## Extracted entries
**********
lemma abs_stage_payoff_diff_le:
  assumes \<pi>A: "\<pi>A \<in> att_onestage" and \<pi>D: "\<pi>D \<in> def_onestage" and b: "b \<in> simplex"
    and diff: "\<And>a d s'. belief_update \<pi>A s b a \<in> simplex \<Longrightarrow> \<bar>C1 a d s' - C2 a d s'\<bar> \<le> e"
  shows "\<bar>stage_payoff \<pi>A \<pi>D s b C1 - stage_payoff \<pi>A \<pi>D s b C2\<bar> \<le> \<gamma> * e"
proof -
  have le: "C1 a d s' \<le> C2 a d s' + e" "C2 a d s' \<le> C1 a d s' + e"
    if "belief_update \<pi>A s b a \<in> simplex" for a d s'
    using diff[OF that, of d s'] by (simp_all add: abs_le_iff)
  have "stage_payoff \<pi>A \<pi>D s b C1 \<le> stage_payoff \<pi>A \<pi>D s b C2 + \<gamma> * e"
    by (rule stage_payoff_le[OF \<pi>A \<pi>D b]) (rule le(1))
  moreover have "stage_payoff \<pi>A \<pi>D s b C2 \<le> stage_payoff \<pi>A \<pi>D s b C1 + \<gamma> * e"
    by (rule stage_payoff_le[OF \<pi>A \<pi>D b]) (rule le(2))
  ultimately show ?thesis
    by (simp add: abs_le_iff)
qed

lemma game_payoff_decompose:
  assumes \<sigma>A: "\<sigma>A \<in> att_strats" and \<sigma>D: "\<sigma>D \<in> def_strats" and b: "b \<in> simplex"
  shows "game_payoff T R \<gamma> \<sigma>A \<sigma>D s b = stage_payoff (\<sigma>A []) (\<sigma>D []) s b (\<lambda>a d s'.
    game_payoff T R \<gamma> (continuation (s, a, d) \<sigma>A) (continuation (s, a, d) \<sigma>D) s'
      (belief_update (\<sigma>A []) s b a))"
proof -
  define P where
    "P a d s' th = intent_payoff (continuation (s, a, d) \<sigma>A) (continuation (s, a, d) \<sigma>D) s' th"
    for a d s' th
  have "game_payoff T R \<gamma> \<sigma>A \<sigma>D s b = (\<Sum>th\<in>UNIV. \<Sum>a\<in>UNIV. \<Sum>d\<in>UNIV. \<Sum>s'\<in>UNIV.
      b th * \<sigma>A [] s th a * \<sigma>D [] s d * T s a d s' * (R s a d s' th + \<gamma> * P a d s' th))"
    by (simp only: game_payoff_eq_intent_payoff intent_payoff_rec[OF \<sigma>A \<sigma>D] P_def
        sum_distrib_left mult.assoc)
  also have "\<dots> = (\<Sum>a\<in>UNIV. \<Sum>d\<in>UNIV. \<Sum>s'\<in>UNIV. \<Sum>th\<in>UNIV.
      b th * \<sigma>A [] s th a * \<sigma>D [] s d * T s a d s' * (R s a d s' th + \<gamma> * P a d s' th))"
    by (rule sum_rotate4)
  also have "\<dots> = (\<Sum>a\<in>UNIV. \<Sum>d\<in>UNIV. \<Sum>s'\<in>UNIV. \<Sum>th\<in>UNIV.
      b th * \<sigma>A [] s th a * \<sigma>D [] s d * T s a d s' *
        (R s a d s' th + \<gamma> * (\<Sum>th'\<in>UNIV. belief_update (\<sigma>A []) s b a th' * P a d s' th')))"
    by (rule sum.cong[OF refl], rule sum.cong[OF refl], rule sum.cong[OF refl],
        rule sum_posterior_mean[OF b att_onestage_Nil[OF \<sigma>A]])
  also have "\<dots> = stage_payoff (\<sigma>A []) (\<sigma>D []) s b (\<lambda>a d s'.
      game_payoff T R \<gamma> (continuation (s, a, d) \<sigma>A) (continuation (s, a, d) \<sigma>D) s'
        (belief_update (\<sigma>A []) s b a))"
    by (simp only: stage_payoff_def game_payoff_eq_intent_payoff P_def)
  finally show ?thesis .
qed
**********
Only the lines from the one with "for a d s' th" through the last line of the records belong in the answer, each copied exactly.

    for a d s' th
  have "game_payoff T R \<gamma> \<sigma>A \<sigma>D s b = (\<Sum>th\<in>UNIV. \<Sum>a\<in>UNIV. \<Sum>d\<in>UNIV. \<Sum>s'\<in>UNIV.
      b th * \<sigma>A [] s th a * \<sigma>D [] s d * T s a d s' * (R s a d s' th + \<gamma> * P a d s' th))"
    by (simp only: game_payoff_eq_intent_payoff intent_payoff_rec[OF \<sigma>A \<sigma>D] P_def
        sum_distrib_left mult.assoc)
  also have "\<dots> = (\<Sum>a\<in>UNIV. \<Sum>d\<in>UNIV. \<Sum>s'\<in>UNIV. \<Sum>th\<in>UNIV.
      b th * \<sigma>A [] s th a * \<sigma>D [] s d * T s a d s' * (R s a d s' th + \<gamma> * P a d s' th))"
    by (rule sum_rotate4)
  also have "\<dots> = (\<Sum>a\<in>UNIV. \<Sum>d\<in>UNIV. \<Sum>s'\<in>UNIV. \<Sum>th\<in>UNIV.
      b th * \<sigma>A [] s th a * \<sigma>D [] s d * T s a d s' *
        (R s a d s' th + \<gamma> * (\<Sum>th'\<in>UNIV. belief_update (\<sigma>A []) s b a th' * P a d s' th')))"
    by (rule sum.cong[OF refl], rule sum.cong[OF refl], rule sum.cong[OF refl],
        rule sum_posterior_mean[OF b att_onestage_Nil[OF \<sigma>A]])
  also have "\<dots> = stage_payoff (\<sigma>A []) (\<sigma>D []) s b (\<lambda>a d s'.
      game_payoff T R \<gamma> (continuation (s, a, d) \<sigma>A) (continuation (s, a, d) \<sigma>D) s'
        (belief_update (\<sigma>A []) s b a))"
    by (simp only: stage_payoff_def game_payoff_eq_intent_payoff P_def)
  finally show ?thesis .
qed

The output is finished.